Man... I see you fellas smoke some fine cigars at your herfs... :ss:bn

I think you need to let Derek pick the cigars... he has some GOOD taste!:dr


----------



## Darrell (Aug 12, 2007)

bobarian said:


> I think D has some tasty Tamboril's aging for this herf!u


:r

I don't even know what that is, and I don't want to either.


----------



## Ratters (Oct 7, 2007)

I'm, I might have some well aged Tamborils just for Darrell....


----------



## Darrell (Aug 12, 2007)

Ratters said:


> I'm, I might have some well aged Tamborils just for Darrell....


:r

I'm good, thanks anyway Steve. :bn


----------



## Darrell (Aug 12, 2007)

Bump. Where you at Jeff?


----------



## ahbroody (Mar 24, 2008)

Darrell said:


> 1) Mean D
> 2) bobarian
> 3) OBD
> 4) duhman
> ...


Wait what? I thought you said I could sit on your lap. :chk:bn


----------



## Darrell (Aug 12, 2007)

ahbroody said:


> Wait what? I thought you said I could sit on your lap. :chk:bn


Well you can, but nobody else. :tu:r:bn


----------



## Darrell (Aug 12, 2007)

Yoohoo, Jeff? Tam? :r


----------



## dwhitacre (Jan 2, 2008)

Darrell said:


> Well you can, but nobody else. :tu:r:bn


That's what he told be at the last Herf I attended at his house and then he wouldn't leave my ash alone the rest of the night!!!:r


----------



## Darrell (Aug 12, 2007)

dwhitacre said:


> That's what he told be at the last Herf I attended at his house and then he wouldn't leave my ash alone the rest of the night!!!:r


Their is something about old balls and the smell of cremosa's that really do it for me.

:r

:bn

u u u u


----------



## Ironfreak (Apr 28, 2006)

Darrell said:


> Their is something about old balls and the smell of cremosa's that really do it for me.
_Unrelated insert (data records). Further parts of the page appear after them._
lemma neighbours_image:
  assumes inj: "inj_on f V" and E: "\<forall>e\<in>E. e \<subseteq> V" and H: "H \<subseteq> V" and c: "c \<in> V"
  shows "{t \<in> f ` H. {t, f c} \<in> (\<lambda>e. f ` e) ` E} = f ` {t \<in> H. {t, c} \<in> E}"
proof -
  have iff: "{f t, f c} \<in> (\<lambda>e. f ` e) ` E \<longleftrightarrow> {t, c} \<in> E" if "t \<in> H" for t
  proof
    assume "{f t, f c} \<in> (\<lambda>e. f ` e) ` E"
    then obtain e where e: "e \<in> E" "f ` {t, c} = f ` e" by auto
    have "{t, c} \<subseteq> V" using that H c by blast
    then have "{t, c} = e"
      using inj_on_image_eq_iff[OF inj] E e by blast
    with e(1) show "{t, c} \<in> E" by simp
  next
    assume "{t, c} \<in> E"
    then have "f ` {t, c} \<in> (\<lambda>e. f ` e) ` E" by (rule imageI)
    then show "{f t, f c} \<in> (\<lambda>e. f ` e) ` E" by simp
  qed
  show ?thesis
  proof (rule set_eqI, rule iffI)
    fix t' assume "t' \<in> {t \<in> f ` H. {t, f c} \<in> (\<lambda>e. f ` e) ` E}"
    then obtain t where "t \<in> H" "t' = f t" "{f t, f c} \<in> (\<lambda>e. f ` e) ` E" by blast
    with iff show "t' \<in> f ` {t \<in> H. {t, c} \<in> E}" by blast
  next
    fix t' assume "t' \<in> f ` {t \<in> H. {t, c} \<in> E}"
    then obtain t where "t \<in> H" "t' = f t" "{t, c} \<in> E" by blast
    with iff show "t' \<in> {t \<in> f ` H. {t, f c} \<in> (\<lambda>e. f ` e) ` E}" by blast
  qed
qed

lemma wheel_free_imageD:
  assumes inj: "inj_on f V" and E: "\<forall>e\<in>E. e \<subseteq> V"
    and free: "wheel_free (f ` V) ((\<lambda>e. f ` e) ` E)"
  shows "wheel_free V E"
  unfolding wheel_free_def
proof
  assume "\<exists>H c. hole V E H \<and> c \<in> V \<and> c \<notin> H \<and> 3 \<le> card {t \<in> H. {t, c} \<in> E}"
  then obtain H c where H: "hole V E H" and c: "c \<in> V" "c \<notin> H"
    and spokes: "3 \<le> card {t \<in> H. {t, c} \<in> E}" by blast
  have HV: "H \<subseteq> V" using H by (rule hole_subset)
  have "{t \<in> H. {t, c} \<in> E} \<subseteq> V" using HV by blast
  then have "card (f ` {t \<in> H. {t, c} \<in> E}) = card {t \<in> H. {t, c} \<in> E}"
    using inj_on_subset[OF inj] by (intro card_image) blast
  then have "3 \<le> card {t \<in> f ` H. {t, f c} \<in> (\<lambda>e. f ` e) ` E}"
    using spokes neighbours_image[OF inj E HV c(1)] by simp
  moreover have "f c \<in> f ` V" "f c \<notin> f ` H"
    using inj_on_image_mem_iff[OF inj c(1) HV] c by auto
  ultimately show False
    using free hole_image[OF inj E H] unfolding wheel_free_def by blast
qed

lemma hole_subdivide_edge:
  assumes E: "\<forall>e\<in>E. e \<subseteq> V" and w: "w \<notin> V" and H: "hole V E H"
    and xz: "{x, z} \<in> E" "x \<in> H" "z \<in> H"
  shows "hole (insert w V) (subdivide_edge E x z w) (insert w H)"
proof -
  obtain cs where cs: "H \<subseteq> V" "distinct cs" "length cs \<ge> 3" "set cs = H" "induced E H = cycle_edges cs"
    using H unfolding hole_iff_cycle_edges by blast
  have "{x, z} \<in> cycle_edges cs"
    using cs(5) xz by (auto simp: induced_def)
  then obtain k where k: "{x, z} = {last (rotate k cs), hd (rotate k cs)}"
    by (rule rotate_to_closing_edge)
  define cs' where "cs' = rotate k cs"
  have cs': "distinct cs'" "length cs' \<ge> 3" "set cs' = H" "cycle_edges cs' = induced E H"
    using cs unfolding cs'_def by simp_all
  then have "cs' \<noteq> []" by auto
  have "path_edges cs' = induced E H - {{x, z}}"
    using closing_edge_notin_path_edges[OF cs'(1,2)] k cs'(4)
    unfolding cs'_def cycle_edges_def by auto
  then have "cycle_edges (cs' @ [w]) = subdivide_edge (induced E H) x z w"
    using \<open>cs' \<noteq> []\<close> k unfolding cs'_def cycle_edges_def subdivide_edge_def
    by (auto simp: path_edges_snoc doubleton_eq_iff)
  also have "\<dots> = induced (subdivide_edge E x z w) (insert w H)"
    using induced_subdivide_edge[OF E w cs(1) xz(2,3)] by simp
  finally have "induced (subdivide_edge E x z w) (insert w H) = cycle_edges (cs' @ [w])" ..
  moreover have "distinct (cs' @ [w])" "set (cs' @ [w]) = insert w H"
    using cs'(1,3) cs(1) w by auto
  ultimately show ?thesis
    using cs(1) cs'(2) unfolding hole_iff_cycle_edges by (intro conjI exI[of _ "cs' @ [w]"]) auto
qed

lemma hole_subdivide_edge_avoiding:
  assumes E: "\<forall>e\<in>E. e \<subseteq> V" and w: "w \<notin> V" and H: "hole V E H" and x: "x \<notin> H"
  shows "hole (insert w V) (subdivide_edge E x z w) H"
proof -
  have "induced (subdivide_edge E x z w) H = induced E H"
    using induced_subdivide_edge_avoiding[OF E w hole_subset[OF H]] x by simp
  with H show ?thesis
    unfolding hole_def by (simp add: subset_insertI2)
qed

lemma hole_low_degree_neighbour:
  assumes H: "hole V E H" and x: "x \<in> H" and deg: "\<And>t. {t, x} \<in> E \<Longrightarrow> t = y \<or> t = z"
  shows "z \<in> H"
proof -
  obtain cs where cs: "distinct cs" "length cs \<ge> 3" "set cs = H" "induced E H = cycle_edges cs"
    using H unfolding hole_iff_cycle_edges by blast
  from x cs(3) have "x \<in> set cs" by simp
  then obtain a b where ab: "a \<noteq> b" "{x, a} \<in> cycle_edges cs" "{x, b} \<in> cycle_edges cs"
    by (rule cycle_edges_two_neighbours[OF cs(1,2)])
  then have "{x, a} \<in> induced E H" "{x, b} \<in> induced E H"
    using cs(4) by simp_all
  then have "{x, a} \<in> E" "{x, b} \<in> E" "a \<in> H" "b \<in> H"
    by (auto simp: induced_def)
  moreover have "a = y \<or> a = z" "b = y \<or> b = z"
    using deg \<open>{x, a} \<in> E\<close> \<open>{x, b} \<in> E\<close> by (simp_all add: insert_commute)
  ultimately show ?thesis
    using ab(1) by blast
qed

text \<open>The subdivision only loses the edge \<open>xz\<close>, and the degree bound on \<open>x\<close> keeps it from being
  a spoke: \<open>x\<close> has too few neighbours to be a centre, and a hole through \<open>x\<close> also contains \<open>z\<close>.\<close>
lemma wheel_free_subdivide_edgeD:
  assumes E: "\<forall>e\<in>E. e \<subseteq> V" and w: "w \<notin> V" and xz: "{x, z} \<in> E"
    and deg: "\<And>t. {t, x} \<in> E \<Longrightarrow> t = y \<or> t = z"
    and free: "wheel_free (insert w V) (subdivide_edge E x z w)"
  shows "wheel_free V E"
  unfolding wheel_free_def
proof
  assume "\<exists>H c. hole V E H \<and> c \<in> V \<and> c \<notin> H \<and> 3 \<le> card {t \<in> H. {t, c} \<in> E}"
  then obtain H c where H: "hole V E H" and c: "c \<in> V" "c \<notin> H"
    and spokes: "3 \<le> card {t \<in> H. {t, c} \<in> E}" by blast
  have "c \<noteq> x"
  proof
    assume "c = x"
    then have "card {t \<in> H. {t, c} \<in> E} \<le> card {y, z}"
      using deg by (intro card_mono) auto
    also have "\<dots> \<le> 2"
      by (simp add: card_insert_if)
    finally show False
      using spokes by simp
  qed
  have "c \<noteq> w" using c w by blast
  obtain H' where H': "hole (insert w V) (subdivide_edge E x z w) H'" "c \<notin> H'"
    and sub: "{t \<in> H. {t, c} \<in> E} \<subseteq> {t \<in> H'. {t, c} \<in> subdivide_edge E x z w}"
  proof (cases "x \<in> H")
    case True
    then have "z \<in> H" by (rule hole_low_degree_neighbour[OF H _ deg])
    then have "{t, c} \<noteq> {x, z}" if "t \<in> H" for t
      using that c(2) \<open>c \<noteq> x\<close> by (auto simp: doubleton_eq_iff)
    then show thesis
      using hole_subdivide_edge[OF E w H xz True \<open>z \<in> H\<close>] c(2) \<open>c \<noteq> w\<close>
      by (intro that[of "insert w H"]) (auto simp: subdivide_edge_def)
  next
    case False
    then have "{t, c} \<noteq> {x, z}" if "t \<in> H" for t
      using that \<open>c \<noteq> x\<close> by (auto simp: doubleton_eq_iff)
    then show thesis
      using hole_subdivide_edge_avoiding[OF E w H False] c(2)
      by (intro that[of H]) (auto simp: subdivide_edge_def)
  qed
  have "finite H'" using H'(1) by (rule finite_hole)
  then have "3 \<le> card {t \<in> H'. {t, c} \<in> subdivide_edge E x z w}"
    using spokes card_mono[OF _ sub] by simp
  then show False
    using free H' c(1) unfolding wheel_free_def by blast
qed

section \<open>ISK4-free and wheel-free graphs\<close>

lemma graph_induced:
  assumes "graph V E" "S \<subseteq> V"
  shows "graph S (induced E S)"
proof -
  have "finite S" using assms by (auto simp: graph_def intro: finite_subset)
  moreover have "\<exists>x y. e = {x, y} \<and> x \<noteq> y \<and> x \<in> S \<and> y \<in> S" if "e \<in> induced E S" for e
  proof -
    from that have "e \<in> E" "e \<subseteq> S" by (auto simp: induced_def)
    then obtain x y where "e = {x, y}" "x \<noteq> y" using assms(1) by (auto simp: graph_def)
    with \<open>e \<subseteq> S\<close> show ?thesis by blast
  qed
  ultimately show ?thesis by (simp add: graph_def)
qed

lemma graph_imageD:
  assumes inj: "inj_on f V" and E: "\<forall>e\<in>E. e \<subseteq> V" and g: "graph (f ` V) ((\<lambda>e. f ` e) ` E)"
  shows "graph V E"
proof -
  have "finite V" using g inj by (simp add: graph_def finite_image_iff)
  moreover have "\<exists>x y. e = {x, y} \<and> x \<noteq> y \<and> x \<in> V \<and> y \<in> V" if e: "e \<in> E" for e
  proof -
    obtain x' y' where xy': "f ` e = {x', y'}" "x' \<noteq> y'"
      using g e by (auto simp: graph_def)
    then obtain x y where xy: "x \<in> e" "y \<in> e" "f x = x'" "f y = y'"
      by (metis imageE insertI1 insertI2)
    have "e \<subseteq> V" using E e by blast
    have "u = x \<or> u = y" if "u \<in> e" for u
      using that xy xy'(1) \<open>e \<subseteq> V\<close> inj_on_eq_iff[OF inj] by (metis imageI insertE singletonD subsetD)
    then have "e = {x, y}" using xy(1,2) by blast
    with xy xy'(2) \<open>e \<subseteq> V\<close> show ?thesis by blast
  qed
  ultimately show ?thesis by (simp add: graph_def)
qed
definition filtration :: "'a measure \<Rightarrow> (real \<Rightarrow> 'a set set) \<Rightarrow> bool" where
  "filtration M F \<longleftrightarrow>
     (\<forall>t\<ge>0. sigma_algebra (space M) (F t) \<and> F t \<subseteq> sets M) \<and>
     (\<forall>s t. 0 \<le> s \<longrightarrow> s \<le> t \<longrightarrow> F s \<subseteq> F t)"

definition right_continuous_filtration :: "(real \<Rightarrow> 'a set set) \<Rightarrow> bool" where
  "right_continuous_filtration F \<longleftrightarrow> (\<forall>t\<ge>0. F t = (\<Inter>s\<in>{t<..}. F s))"

definition filt_infty :: "'a measure \<Rightarrow> (real \<Rightarrow> 'a set set) \<Rightarrow> 'a set set" where
  "filt_infty M F = sigma_sets (space M) (\<Union>t\<in>{0..}. F t)"

definition null_sigma :: "'a measure \<Rightarrow> 'a set set \<Rightarrow> 'a set set" where
  "null_sigma M T = sigma_sets (space M) {A. \<exists>B\<in>T. B \<in> sets M \<and> measure M B = 0 \<and> A \<subseteq> B}"

definition sjoin :: "'a measure \<Rightarrow> 'a set set \<Rightarrow> 'a set set \<Rightarrow> 'a set set" where
  "sjoin M A B = sigma_sets (space M) (A \<union> B)"

definition sigma_rv :: "'a measure \<Rightarrow> ('a \<Rightarrow> ereal) \<Rightarrow> 'a set set" where
  "sigma_rv M X = {X -` B \<inter> space M | B. B \<in> sets (borel :: ereal measure)}"

definition N_tau :: "'a measure \<Rightarrow> (real \<Rightarrow> 'a set set) \<Rightarrow> ('a \<Rightarrow> ereal) \<Rightarrow> 'a set set" where
  "N_tau M F \<tau> = null_sigma M (sjoin M (sigma_rv M \<tau>) (filt_infty M F))"

definition G_filt :: "'a measure \<Rightarrow> (real \<Rightarrow> 'a set set) \<Rightarrow> ('a \<Rightarrow> ereal) \<Rightarrow> real \<Rightarrow> 'a set set" where
  "G_filt M F \<tau> t = sjoin M (N_tau M F \<tau>)
      (\<Inter>s\<in>{t<..}. sjoin M (F s) (sigma_rv M (\<lambda>\<omega>. min (\<tau> \<omega>) (ereal s))))"

definition adapted :: "'a measure \<Rightarrow> (real \<Rightarrow> 'a set set) \<Rightarrow> (real \<Rightarrow> 'a \<Rightarrow> real) \<Rightarrow> bool" where
  "adapted M F X \<longleftrightarrow> (\<forall>t\<ge>0. \<forall>B\<in>sets (borel :: real measure). {\<omega>\<in>space M. X t \<omega> \<in> B} \<in> F t)"

definition cadlag_paths :: "'a measure \<Rightarrow> (real \<Rightarrow> 'a \<Rightarrow> real) \<Rightarrow> bool" where
  "cadlag_paths M X \<longleftrightarrow> (\<forall>\<omega>\<in>space M. \<forall>t\<ge>0.
      continuous (at_right t) (\<lambda>s. X s \<omega>) \<and>
      (t > 0 \<longrightarrow> (\<exists>l. ((\<lambda>s. X s \<omega>) \<longlongrightarrow> l) (at_left t))))"

definition left_cont_paths :: "'a measure \<Rightarrow> (real \<Rightarrow> 'a \<Rightarrow> real) \<Rightarrow> bool" where
  "left_cont_paths M X \<longleftrightarrow> (\<forall>\<omega>\<in>space M. \<forall>t>0. continuous (at_left t) (\<lambda>s. X s \<omega>))"

definition proc_sigma :: "'a measure \<Rightarrow> (real \<Rightarrow> 'a \<Rightarrow> real) set \<Rightarrow> (real \<times> 'a) set set" where
  "proc_sigma M S = sigma_sets (proc_dom M)
     {{p\<in>proc_dom M. X (fst p) (snd p) \<in> B} | X B. X \<in> S \<and> B \<in> sets (borel :: real measure)}"

definition optional_sigma :: "'a measure \<Rightarrow> (real \<Rightarrow> 'a set set) \<Rightarrow> (real \<times> 'a) set set" where
  "optional_sigma M F = proc_sigma M {X. adapted M F X \<and> cadlag_paths M X}"

definition predictable_sigma :: "'a measure \<Rightarrow> (real \<Rightarrow> 'a set set) \<Rightarrow> (real \<times> 'a) set set" where
  "predictable_sigma M F = proc_sigma M {X. adapted M F X \<and> left_cont_paths M X}"

definition proc_measurable :: "'a measure \<Rightarrow> (real \<times> 'a) set set \<Rightarrow> (real \<Rightarrow> 'a \<Rightarrow> real) \<Rightarrow> bool" where
  "proc_measurable M \<Sigma> X \<longleftrightarrow>
     (\<forall>B\<in>sets (borel :: real measure). {p\<in>proc_dom M. X (fst p) (snd p) \<in> B} \<in> \<Sigma>)"

definition borel_opt_sigma :: "'a measure \<Rightarrow> (real \<Rightarrow> 'a set set) \<Rightarrow> (ereal \<times> (real \<times> 'a)) set set" where
  "borel_opt_sigma M F = sigma_sets ({0..} \<times> proc_dom M)
     {(A \<inter> {0..}) \<times> C | A C. A \<in> sets (borel :: ereal measure) \<and> C \<in> optional_sigma M F}"

definition param_measurable :: "'a measure \<Rightarrow> (real \<Rightarrow> 'a set set) \<Rightarrow> (ereal \<Rightarrow> real \<Rightarrow> 'a \<Rightarrow> real) \<Rightarrow> bool" where
  "param_measurable M F Y \<longleftrightarrow>
     (\<forall>B\<in>sets (borel :: real measure).
        {q\<in>{0..} \<times> proc_dom M. Y (fst q) (fst (snd q)) (snd (snd q)) \<in> B} \<in> borel_opt_sigma M F)"

end

theory Submission
  imports Defs
begin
"Your face smells like old man balls!"

What movie is this from??


----------



## Darrell (Aug 12, 2007)

Bump!


----------



## jjefrey (Sep 8, 2007)

I'll be there.

I've got something going on mid day, so I might get down there a little late. But I'll be there


----------



## Darrell (Aug 12, 2007)

jjefrey said:


> I'll be there.
> 
> I've got something going on mid day, so I might get down there a little late. But I'll be there


Rock on! :tu


----------



## Ratters (Oct 7, 2007)

jjefrey said:


> I'll be there.
> 
> I've got something going on mid day, so I might get down there a little late. But I'll be there


He's ALIVE!

We were worried about you Jeffrey. See you in a couple weeks. :tu


----------



## Darrell (Aug 12, 2007)

Bump. :tu


----------



## Darrell (Aug 12, 2007)

ttt :tu


----------



## Kondour (Dec 28, 2007)

woohoo, a couple more weeks boys! oh btw how are Bob's monte's smokin Mean Darrell? you passing these out? I'm sure Bob won't mind.:cb


----------



## butterbeezy (Sep 12, 2007)

There's a slight possibilty i can make it, but it won't be til late.


----------



## EastBay (Jun 2, 2008)

I am on a stand-by as of now, will know better come Monday.


----------



## hoax (Aug 7, 2007)

I'll try to make it too.

Now I need to think of something yummy to bring.


----------



## Darrell (Aug 12, 2007)

Come one, come all. :tu


----------



## Darrell (Aug 12, 2007)

ttt


----------



## gamayrouge (Dec 21, 2007)

I have Sunday the 13th off


----------



## Ratters (Oct 7, 2007)

gamayrouge said:


> I have Sunday the 13th off


Switch it. We miss you Tam.


----------



## gamayrouge (Dec 21, 2007)

Ratters said:


> Switch it. We miss you Tam.


I miss all of you guys too! haha. I'll see what I can do. :tu


----------



## Darrell (Aug 12, 2007)

gamayrouge said:


> I miss all of you guys too! haha. I'll see what I can do. :tu


:tu


----------



## Darrell (Aug 12, 2007)

1) Mean D
2) bobarian
3) OBD
4) duhman
5) ahbroody
6) Ratters
7) Kondour
8) EastBay
9) IronFreak
10) Hoax
11) Mikey
12) Jeff

Is this the current list of attendees? Did I leave anyone off?


----------



## doctorcue (Apr 19, 2006)

1) Mean D
2) bobarian
3) OBD
4) duhman
5) ahbroody
6) Ratters
7) Kondour
8) EastBay
9) IronFreak
10) Hoax
11) Mikey
12) Jeff
13) Doctorcue

Lucky 13 biznitches!!!! The Doc is in! Who is going to smoke some Swisher Grapes with me???


----------



## Darrell (Aug 12, 2007)

doctorcue said:


> Lucky 13 biznitches!!!! The Doc is in! Who is going to smoke some Swisher Grapes with me???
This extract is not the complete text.